Version 4+
Introduction
This major update to the current UCGD Pipeline code base revolves around the move from REDCap to Mosaic as the centerpoint for project creation and management; fundamental backend pipeline processing code will remain the same at this time. Please refer to past updates to better understand pipeline processing steps and procedures.
Steps Overview.
- User will create project in Mosaic.
- Mosaic will send
project_created
activity_type to UCGD AWS endpoint. - UCGD Lambda and SQS will parse and process
new_project
information. - UCGD will monitor and assign project attribute tasks based on information given.
- UCGD will assign and process projects based on given
scope_of_work
.
AWS Gateway API (webhook)
AWS Gateway APIs | Lambda | SQS | Notes |
---|---|---|---|
prod_ucgd_api | activity_update | activity_update* | API auto-trigger Lambda function |
dev_ucgd_api | dev_activity_update | dev_activity_update* | API auto-trigger Lambda function used for development |
*(dev_)activity_update
lambda code need to be modified for production at line 12 dev_env = True/False
to move to production.
AWS Lambda
Lambda Function | Tasks |
---|---|
activity_process | New project: add data path, add globus link, add default roles, updates status to new_project.
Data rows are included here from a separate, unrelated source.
(* Let $0<a\le 1$, $b=2-a$, $\tfrac12<c_1<1$, and let $(k_a(t),k_b(t))$ be the Markov chain $K$ described in the context, started from any state with $k_a+k_b\ge 2c_1 n$. Let $\tau$ be the hitting time of $(n,n)$. Then there is a constant $C$ depending only on $a,c_1$ such that, uniformly over such starting states, $$\mathbb{E}\,\tau\le \frac{n}{a(2c_1-1)}\big[\log 2n+\log\log 2n+C\big].$$
   Context: The chain $K$ (it records the numbers $k_a,k_b$ of marked $a$-cards and marked $b$-cards in the second marking phase of a biased transposition shuffle of $N=2n$ cards, $n$ of each type). Its states are pairs $(k_a,k_b)$ of integers with $0\le k_a,k_b\le n$ and $k_a+k_b\ge n$. From $(k_a,k_b)$ it moves to $(k_a,k_b+1)$ with probability $\frac{2ab(n-k_b)(k_a+k_b+1)}{(2n)^2}$; to $(k_a+1,k_b)$ with probability $\frac{2a^2(n-k_a)(k_a+k_b+1)}{(2n)^2}$; to $(k_a+1,k_b-1)$ with probability $\frac{2a(b-a)(n-k_a)k_b}{(2n)^2}$; and otherwise stays put. *)

theory Defs
  imports "HOL-Analysis.Analysis"
begin

definition K_states :: "nat \<Rightarrow> (nat \<times> nat) set" where
  "K_states n = {(ka, kb). ka \<le> n \<and> kb \<le> n \<and> ka + kb \<ge> n}"

definition K_trans :: "real \<Rightarrow> nat \<Rightarrow> nat \<times> nat \<Rightarrow> nat \<times> nat \<Rightarrow> real" where
  "K_trans a n x y =
    (let ka = fst x; kb = snd x; b = 2 - a; N2 = (2 * real n)^2;
         p1 = 2*a*b*(real n - real kb)*(real ka + real kb + 1) / N2;
         p2 = 2*a^2*(real n - real ka)*(real ka + real kb + 1) / N2;
         p3 = 2*a*(b - a)*(real n - real ka)*real kb / N2
     in (if y = (ka, kb + 1) then p1 else 0)
      + (if y = (ka + 1, kb) then p2 else 0)
      + (if kb \<ge> 1 \<and> y = (ka + 1, kb - 1) then p3 else 0)
      + (if y = x then 1 - p1 - p2 - p3 else 0))"

text \<open>Probability that the chain started at x has not hit (n,n) at any of the
  times 0,...,t, i.e. P_x(tau > t), via the Markov property.\<close>
primrec K_not_hit :: "real \<Rightarrow> nat \<Rightarrow> nat \<Rightarrow> nat \<times> nat \<Rightarrow> real" where
  "K_not_hit a n 0 x = (if x = (n, n) then 0 else 1)"
| "K_not_hit a n (Suc t) x =
     (if x = (n, n) then 0
      else (\<Sum>y\<in>K_states n. K_trans a n x y * K_not_hit a n t y))"

text \<open>Expected hitting time of (n,n): E_x tau = sum over t of P_x(tau > t).\<close>
definition K_hit_time_exp :: "real \<Rightarrow> nat \<Rightarrow> nat \<times> nat \<Rightarrow> ennreal" where
  "K_hit_time_exp a n x = (\<Sum>t. ennreal (K_not_hit a n t x))"

end

theory Submission
  imports Defs
begin

text \<open>
  The potential \<open>\<phi>(ka, kb) = (n - kb) + w (n - ka)\<close> with a suitable weight \<open>w \<ge> 1\<close>
  vanishes only at \<open>(n, n)\<close> and, on the region \<open>ka + kb \<ge> 2 c\<^sub>1 n\<close>, which the chain
  never leaves, contracts in expectation by the factor \<open>q = 1 - a (2 c\<^sub>1 - 1) / n\<close> per
  step. Hence \<open>P(\<tau> > t) \<le> min 1 (q\<^sup>t \<phi>)\<close>; summing with the cutoff
  \<open>t \<approx> ln \<phi> / (1 - q)\<close> gives \<open>E \<tau> \<le> (ln \<phi> + 2) / (1 - q)\<close>, and \<open>\<phi> \<le> (1 + w) n\<close>.
\<close>

lemma suminf_le_capped_geometric:
  fixes f :: "nat \<Rightarrow> real" and q M :: real
  assumes q: "0 \<le> q" "q < 1" and M: "1 \<le> M"
    and f: "\<And>t. 0 \<le> f t" "\<And>t. f t \<le> 1" "\<And>t. f t \<le> M * q^t"
  shows "summable f" and "suminf f \<le> (ln M + 2) / (1 - q)"
proof -
  have geom: "summable (\<lambda>t. C * q^t)" for C
    using q by (intro summable_mult summable_geometric) simp
  show sf: "summable f"
    by (rule summable_comparison_test'[OF geom, of 0]) (use f in auto)
  define s T where "s = 1 - q" and "T = nat \<lceil>ln M / s\<rceil>"
  have s: "0 < s" "s \<le> 1"
    using q by (simp_all add: s_def)
  have T: "ln M / s \<le> real T" "real T \<le> ln M / s + 1"
    using M s by (simp_all add: T_def)
  have "q^T \<le> exp (- s)^T"
    using q exp_ge_add_one_self[of "- s"] by (intro power_mono) (simp_all add: s_def)
  also have "\<dots> = exp (- (s * real T))"
    by (simp add: exp_of_nat_mult[symmetric] mult_ac)
  also have "\<dots> \<le> exp (- ln M)"
    using T(1) s by (simp add: divide_le_eq mult_ac)
  also have "\<dots> = 1 / M"
    using M by (simp add: exp_minus inverse_eq_divide)
  finally have MqT: "M * q^T \<le> 1"
    using M by (simp add: field_simps)
  have "(\<Sum>t. f (t + T)) \<le> (\<Sum>t. (M * q^T) * q^t)"
    using f(3)[of "_ + T"] by (intro suminf_le summable_ignore_initial_segment sf geom) (simp add: power_add mult_ac)
  also have "\<dots> = M * q^T / s"
    using q by (simp add: suminf_mult suminf_geometric s_def)
  also have "\<dots> \<le> 1 / s"
    using MqT s by (simp add: divide_right_mono)
  finally have tail: "(\<Sum>t. f (t + T)) \<le> 1 / s" .
  have head: "(\<Sum>t<T. f t) \<le> real T"
    using sum_bounded_above[of "{..<T}" f 1] f(2) by simp
  have "suminf f = (\<Sum>t. f (t + T)) + (\<Sum>t<T. f t)"
    using sf by (rule suminf_split_initial_segment)
  also have "\<dots> \<le> 1 / s + (ln M / s + 1 / s)"
  proof -
    have "1 \<le> 1 / s"
      using s by simp
    then show ?thesis
      using tail head T(2) by linarith
  qed
  also have "\<dots> = (ln M + 2) / s"
    by (simp add: add_divide_distrib)
  finally show "suminf f \<le> (ln M + 2) / (1 - q)"
    by (simp add: s_def)
qed
(* Let ${\mathcal M}=(E,\rho)$ be a $q$-matroid of rank $r$ on $E=\mathbb{F}_q^n$, and let $I_{{\mathcal M}}$ be its order complex. Let $\{C_i : i\in S\}$, $S=\{1,\dots,s\}$, be the $q$-circuits of ${\mathcal M}$, and for $X\subseteq S$ let $C_X$ be the $\mathbb{F}_q$-linear span of the $C_i$, $i\in X$. For $i\ge1$ and $l\ge0$ let $\lambda_{i,l}$ be the number of subsets $X\subseteq S$ with $|X|=i$ such that $C_X$ has codimension $l$ in $E$. Then $$\chi(I_{{\mathcal M}})=(-1)^{r-1}q^{\binom{n}{2}}\,\overline{\mu}({\mathcal M})+\sum_{l=1}^{n-1}\sum_{i=1}^{s}\lambda_{i,l}\sum_{j=0}^{l}(-1)^{n+i+j-1}q^{\binom{n-j}{2}}{l\brack j}_q .$$
   Context: A $q$-matroid is a pair $(E,\rho)$, $E=\mathbb{F}_q^n$, with $\rho$ from the set of subspaces of $E$ to $\mathbb{Z}_{\ge0}$ such that $0\le\rho(X)\le\dim X$, $\rho(X)\le\rho(Y)$ whenever $X\subseteq Y$, and $\rho(X+Y)+\rho(X\cap Y)\le\rho(X)+\rho(Y)$. Its rank is $\rho(E)$; its nullity function is $\eta(X)=\dim X-\rho(X)$. A subspace $U$ is independent if $\rho(U)=\dim U$. A $q$-cycle of nullity $i$ is a minimal (under inclusion) element of $\{X:\eta(X)=i\}$; $q$-circuits are the $q$-cycles of nullity $1$. The order complex $I_{{\mathcal M}}$ is the simplicial complex whose faces are the chains $V_1\subsetneq\cdots\subsetneq V_k$ ($k\ge0$, empty chain included) of nonzero independent subspaces; its reduced Euler characteristic is $\chi(I_{{\mathcal M}})=\sum_{k\ge0}(-1)^{k-1}f_k$, where $f_k$ is the number of such chains with $k$ members. Let $L$ be the set of $q$-cycles of ${\mathcal M}$ ordered by inclusion (a lattice with minimum $0=\{0\}$ and maximum $1$); its Möbius function is defined by $\mu(x,x)=1$ and $\mu(x,y)=-\sum_{x\le z<y}\mu(x,z)$, and $\mu(L)=\mu(0,1)$. The dual $q$-matroid ${\mathcal M}^*$ has rank function $\rho^*(X)=\dim X-\rho(E)+\rho(X^\perp)$ ($\perp$ with respect to the standard bilinear form); a coloop of ${\mathcal M}$ is a one-dimensional subspace $X$ with $\rho^*(X)=0$. Set $\overline{\mu}({\mathcal M})=|\mu(L)|$ if ${\mathcal M}$ has no coloop and $\overline{\mu}({\mathcal M})=0$ otherwise. ${l\brack j}_q=\prod_{i=0}^{j-1}\frac{q^l-q^i}{q^j-q^i}$ is the number of $j$-dimensional subspaces of $\mathbb{F}_q^l$. *)

theory Defs
  imports "HOL-Analysis.Analysis"
begin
User activities: parses and adds to user_add or user_remove. |
activity_update | Splits based on which Mosaic activity_type is given. Currently only activity_type used: new project, user add or remove, task completed, attributes given or catchall. Request is parsed and added to appropriate SQS. |
dev_activity_process | Same as above but for development. |
dev_activity_update | Same as above but for development. |
Processing Queues
Different SQS the project can be in and meaning and actions of each.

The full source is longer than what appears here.